TASK MATERIAL section start

lemma lor_weight_has_vector_derivative:
  assumes y: "y \<in> I11"
  shows "(lor_weight \<alpha> lam has_vector_derivative lam * of_real (lor_q \<alpha> y) * lor_weight \<alpha> lam y)
    (at y within I11)"
proof -
  define r where "r = sqrt (1 - (lor_gamma \<alpha>)^2)"
  define w where "w = complex_of_real (lor_base \<alpha> y)"
  have "w \<noteq> 0"
    using lor_base_pos[OF y] by (simp add: w_def)
  then have "w powr (-lam - 1) = w powr (-lam) / w"
    by (simp add: powr_diff)
  then have "-lam * w powr (-lam - 1) * of_real (- lor_gamma \<alpha> / r)
      = -lam * w powr (-lam) * (of_real (- lor_gamma \<alpha> / r) / w)"
    by simp
  also have "of_real (- lor_gamma \<alpha> / r) / w = of_real (- lor_q \<alpha> y)"
  proof -
    have "(- lor_gamma \<alpha> / r) / lor_base \<alpha> y = - lor_q \<alpha> y"
      using lor_denom_pos[OF y] lor_gamma_square_less_1
      by (simp add: lor_base_def lor_q_def r_def field_simps)
    then show ?thesis
      by (simp add: w_def flip: of_real_divide)
  qed
  also have "-lam * w powr (-lam) * of_real (- lor_q \<alpha> y) = lam * of_real (lor_q \<alpha> y) * lor_weight \<alpha> lam y"
    by (simp add: lor_weight_def w_def)
  finally have deriv_eq: "-lam * w powr (-lam - 1) * of_real (- lor_gamma \<alpha> / r)
      = lam * of_real (lor_q \<alpha> y) * lor_weight \<alpha> lam y" .
  have "(lor_weight \<alpha> lam has_vector_derivative
      -lam * w powr (-lam - 1) * of_real (- lor_gamma \<alpha> / r)) (at y within I11)"
    unfolding lor_weight_def[abs_def] lor_base_affine w_def r_def
    by (rule has_vector_derivative_powr_affine) (use lor_base_pos[OF y] lor_base_affine in simp)
  then show ?thesis
    unfolding deriv_eq .
qed

lemma lor_q_has_vector_derivative:
  assumes y: "y \<in> I11"
  shows "((\<lambda>y. complex_of_real (lor_q \<alpha> y)) has_vector_derivative
    of_real (lor_q \<alpha> y) * of_real (lor_q \<alpha> y)) (at y within I11)"
proof -
  define g where "g = lor_gamma \<alpha>"
  have "1 - g*y \<noteq> 0"
    using lor_denom_pos[OF y] by (simp add: g_def)
  from DERIV_divide[OF DERIV_const DERIV_diff[OF DERIV_const DERIV_cmult[OF DERIV_ident]] this]
  have "(lor_q \<alpha> has_real_derivative lor_q \<alpha> y * lor_q \<alpha> y) (at y within I11)"
    unfolding lor_q_def[abs_def] g_def[symmetric]
    by (rule has_field_derivative_at_within[OF DERIV_cong]) (simp add: field_simps)
  from has_vector_derivative_of_real[OF this] show ?thesis
    by simp
qed

lemma lor_jac_has_vector_derivative:
  assumes y: "y \<in> I11"
  shows "((\<lambda>y. complex_of_real (lor_jac \<alpha> y)) has_vector_derivative
    2 * of_real (lor_q \<alpha> y) * of_real (lor_jac \<alpha> y)) (at y within I11)"
proof -
  define g where "g = lor_gamma \<alpha>"
  have d: "1 - g*y \<noteq> 0"
    using lor_denom_pos[OF y] by (simp add: g_def)
  then have "(1 - g*y)^2 \<noteq> 0"
    by simp
  from DERIV_divide[OF DERIV_const DERIV_power[OF DERIV_diff[OF DERIV_const DERIV_cmult[OF DERIV_ident]]] this]
  have "(lor_jac \<alpha> has_real_derivative 2 * lor_q \<alpha> y * lor_jac \<alpha> y) (at y within I11)"
    unfolding lor_jac_def[abs_def] lor_q_def g_def[symmetric]
  proof (rule has_field_derivative_at_within[OF DERIV_cong])
    have "(0*D^2 - c*(of_nat 2 * ((0 - g*1) * D^(2 - Suc 0))))/(D^2*D^2) = 2*(g/D)*(c/D^2)"
      if "D \<noteq> 0" for c D :: real
      using that by (simp add: field_simps power2_eq_square)
    from this[OF d] show "(0 * (1 - g*y)^2 - (1 - g^2) * (of_nat 2 * ((0 - g*1) * (1 - g*y)^(2 - Suc 0))))
        / ((1 - g*y)^2 * (1 - g*y)^2) = 2 * (g / (1 - g*y)) * ((1 - g^2) / (1 - g*y)^2)" .
  qed
  from has_vector_derivative_of_real[OF this] show ?thesis
    by simp
qed

lemma has_vector_derivative_compose_boost:
  assumes y: "y \<in> I11" and f: "\<forall>x\<in>I11. (f has_vector_derivative f' x) (at x within I11)"
  shows "((\<lambda>y. f (boost (lor_gamma \<alpha>) y)) has_vector_derivative
    of_real (lor_jac \<alpha> y) * f' (boost (lor_gamma \<alpha>) y)) (at y within I11)"
proof -
  note boost_maps = boost_in_I11[OF lor_gamma_abs_less_1] boost_image_I11[OF lor_gamma_abs_less_1]
  have "(boost (lor_gamma \<alpha>) has_vector_derivative lor_jac \<alpha> y) (at y within I11)"
    using has_field_derivative_at_within[OF boost_has_real_derivative[OF lor_gamma_abs_less_1 y]]
    by (simp add: has_real_derivative_iff_has_vector_derivative lor_jac_def)
  moreover have "(f has_vector_derivative f' (boost (lor_gamma \<alpha>) y))
      (at (boost (lor_gamma \<alpha>) y) within boost (lor_gamma \<alpha>) ` I11)"
    using f boost_maps y by (blast intro: has_vector_derivative_within_subset)
  ultimately show ?thesis
    by (auto dest: vector_diff_chain_within simp: o_def scaleR_conv_of_real)
qed

lemma lorentz_has_vector_derivative:
  assumes y: "y \<in> I11" and \<phi>1: "\<forall>x\<in>I11. (\<phi> has_vector_derivative \<phi>1 x) (at x within I11)"
  shows "(lorentz \<alpha> lam \<phi> has_vector_derivative lorentz_deriv1 \<alpha> lam \<phi> \<phi>1 y) (at y within I11)"
  unfolding lorentz_eq
  by (rule has_vector_derivative_eq_rhs[OF has_vector_derivative_mult[OF
        lor_weight_has_vector_derivative[OF y] has_vector_derivative_compose_boost[OF y \<phi>1]]])
     (simp add: lorentz_deriv1_def Let_def algebra_simps)

lemma lorentz_deriv1_has_vector_derivative:
  assumes y: "y \<in> I11"
    and \<phi>1: "\<forall>x\<in>I11. (\<phi> has_vector_derivative \<phi>1 x) (at x within I11)"
    and \<phi>2: "\<forall>x\<in>I11. (\<phi>1 has_vector_derivative \<phi>2 x) (at x within I11)"
  shows "(lorentz_deriv1 \<alpha> lam \<phi> \<phi>1 has_vector_derivative lorentz_deriv2 \<alpha> lam \<phi> \<phi>1 \<phi>2 y) (at y within I11)"
proof -
  have "((\<lambda>y. lam * complex_of_real (lor_q \<alpha> y)) has_vector_derivative
      lam * (of_real (lor_q \<alpha> y) * of_real (lor_q \<alpha> y))) (at y within I11)"
    by (rule has_vector_derivative_mult_right[OF lor_q_has_vector_derivative[OF y]])
  from has_vector_derivative_mult[OF this has_vector_derivative_compose_boost[OF y \<phi>1]]
    has_vector_derivative_mult[OF lor_jac_has_vector_derivative[OF y] has_vector_derivative_compose_boost[OF y \<phi>2]]
  have "((\<lambda>y. lam * of_real (lor_q \<alpha> y) * \<phi> (boost (lor_gamma \<alpha>) y)
        + of_real (lor_jac \<alpha> y) * \<phi>1 (boost (lor_gamma \<alpha>) y)) has_vector_derivative
      lam * of_real (lor_q \<alpha> y) * (of_real (lor_jac \<alpha> y) * \<phi>1 (boost (lor_gamma \<alpha>) y))
      + lam * (of_real (lor_q \<alpha> y) * of_real (lor_q \<alpha> y)) * \<phi> (boost (lor_gamma \<alpha>) y)
      + (of_real (lor_jac \<alpha> y) * (of_real (lor_jac \<alpha> y) * \<phi>2 (boost (lor_gamma \<alpha>) y))
         + 2 * of_real (lor_q \<alpha> y) * of_real (lor_jac \<alpha> y) * \<phi>1 (boost (lor_gamma \<alpha>) y))) (at y within I11)"
    by (rule has_vector_derivative_add)
  from has_vector_derivative_mult[OF lor_weight_has_vector_derivative[OF y] this]
  show ?thesis
    unfolding lorentz_deriv1_def[abs_def] Let_def
    by (rule has_vector_derivative_eq_rhs) (simp add: lorentz_deriv2_def Let_def algebra_simps)
qed

text \<open>With \<open>s = \<surd>(1+\<alpha>)\<close> and \<open>b = s - y\<close>, every coefficient is a polynomial in \<open>s\<close>, \<open>b\<close> and \<open>1/b\<close>,
  so the identity is a ring identity modulo \<open>b \<cdot> (1/b) = 1\<close>.\<close>

lemma E2_lhs_lorentz:
  assumes y: "y \<in> I11"
  shows "E2_lhs \<alpha> lam y (lorentz \<alpha> lam \<phi> y) (lorentz_deriv1 \<alpha> lam \<phi> \<phi>1 y) (lorentz_deriv2 \<alpha> lam \<phi> \<phi>1 \<phi>2 y)
    = lor_weight \<alpha> lam y * of_real (lor_jac \<alpha> y) * E1_lhs \<alpha> lam (boost (lor_gamma \<alpha>) y)
        (\<phi> (boost (lor_gamma \<alpha>) y)) (\<phi>1 (boost (lor_gamma \<alpha>) y)) (\<phi>2 (boost (lor_gamma \<alpha>) y))"
proof -
  have y1: "y \<le> 1"
    using y by simp
  have "sqrt (1+\<alpha>)^2 = 1+\<alpha>"
    using \<alpha>_pos by simp
  note identities = boost_reciprocal_identities[OF this sqrt_one_plus_gt_1 y1 \<alpha>_pos]
  have sy: "sqrt (1+\<alpha>) - y > 0"
    using sqrt_one_plus_gt_1 y1 by linarith
  define S where "S = complex_of_real (sqrt (1+\<alpha>))"
  define b where "b = complex_of_real (sqrt (1+\<alpha>) - y)"
  define ib where "ib = complex_of_real (1 / (sqrt (1+\<alpha>) - y))"
  have hb: "b * ib = 1"
    unfolding b_def ib_def of_real_mult[symmetric] using sy by simp
  have y_eq: "complex_of_real y = S - b"
    by (simp add: S_def b_def)
  have q_eq: "complex_of_real (lor_q \<alpha> y) = ib"
    unfolding ib_def lor_q_def lor_gamma_def by (simp only: identities(1))
  have jac_eq: "complex_of_real (lor_jac \<alpha> y) = (S^2-1)*ib^2"
    unfolding ib_def S_def lor_jac_def lor_gamma_def
    by (simp only: identities(2) of_real_mult of_real_diff of_real_power of_real_1)
  have "complex_of_real (boost (lor_gamma \<alpha>) y) = (S * of_real y - 1) * ib"
    unfolding ib_def S_def boost_def lor_gamma_def
    by (simp only: identities(3) of_real_mult of_real_diff of_real_1)
  then have boost_eq: "complex_of_real (boost (lor_gamma \<alpha>) y) = (S*(S-b)-1)*ib"
    by (simp only: y_eq)
  have coeff_eq: "complex_of_real (2*\<alpha> / (sqrt (1+\<alpha>) + boost (lor_gamma \<alpha>) y)) = 2*b"
    unfolding b_def boost_def lor_gamma_def
    by (simp only: identities(4) of_real_mult of_real_numeral)
  have "complex_of_real (2 * sqrt (1+\<alpha>)) = 2*S"
    by (simp add: S_def)
  moreover have "complex_of_real (y^2 - 1) = (S-b)^2-1"
    by (simp only: of_real_diff of_real_power of_real_1 y_eq)
  moreover have "complex_of_real ((boost (lor_gamma \<alpha>) y)^2 - 1) = ((S*(S-b)-1)*ib)^2-1"
    by (simp only: of_real_diff of_real_power of_real_1 boost_eq)
  ultimately show ?thesis
    unfolding E1_lhs_def E2_lhs_def lorentz_eq lorentz_deriv1_def lorentz_deriv2_def Let_def
    by (simp only: q_eq jac_eq boost_eq coeff_eq y_eq) (use hb in algebra)
qed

TASK MATERIAL section end

◆ **REQUIRED ACTION**
Find "(S * of_real" in the entries above and copy that whole line exactly, then each line after it through the line that contains "by (simp only: y_eq)".

◆ **TASK SOLUTION**
  have "complex_of_real (boost (lor_gamma \<alpha>) y) = (S * of_real y - 1) * ib"
    unfolding ib_def S_def boost_def lor_gamma_def
    by (simp only: identities(3) of_real_mult of_real_diff of_real_1)
  then have boost_eq: "complex_of_real (boost (lor_gamma \<alpha>) y) = (S*(S-b)-1)*ib"
    by (simp only: y_eq)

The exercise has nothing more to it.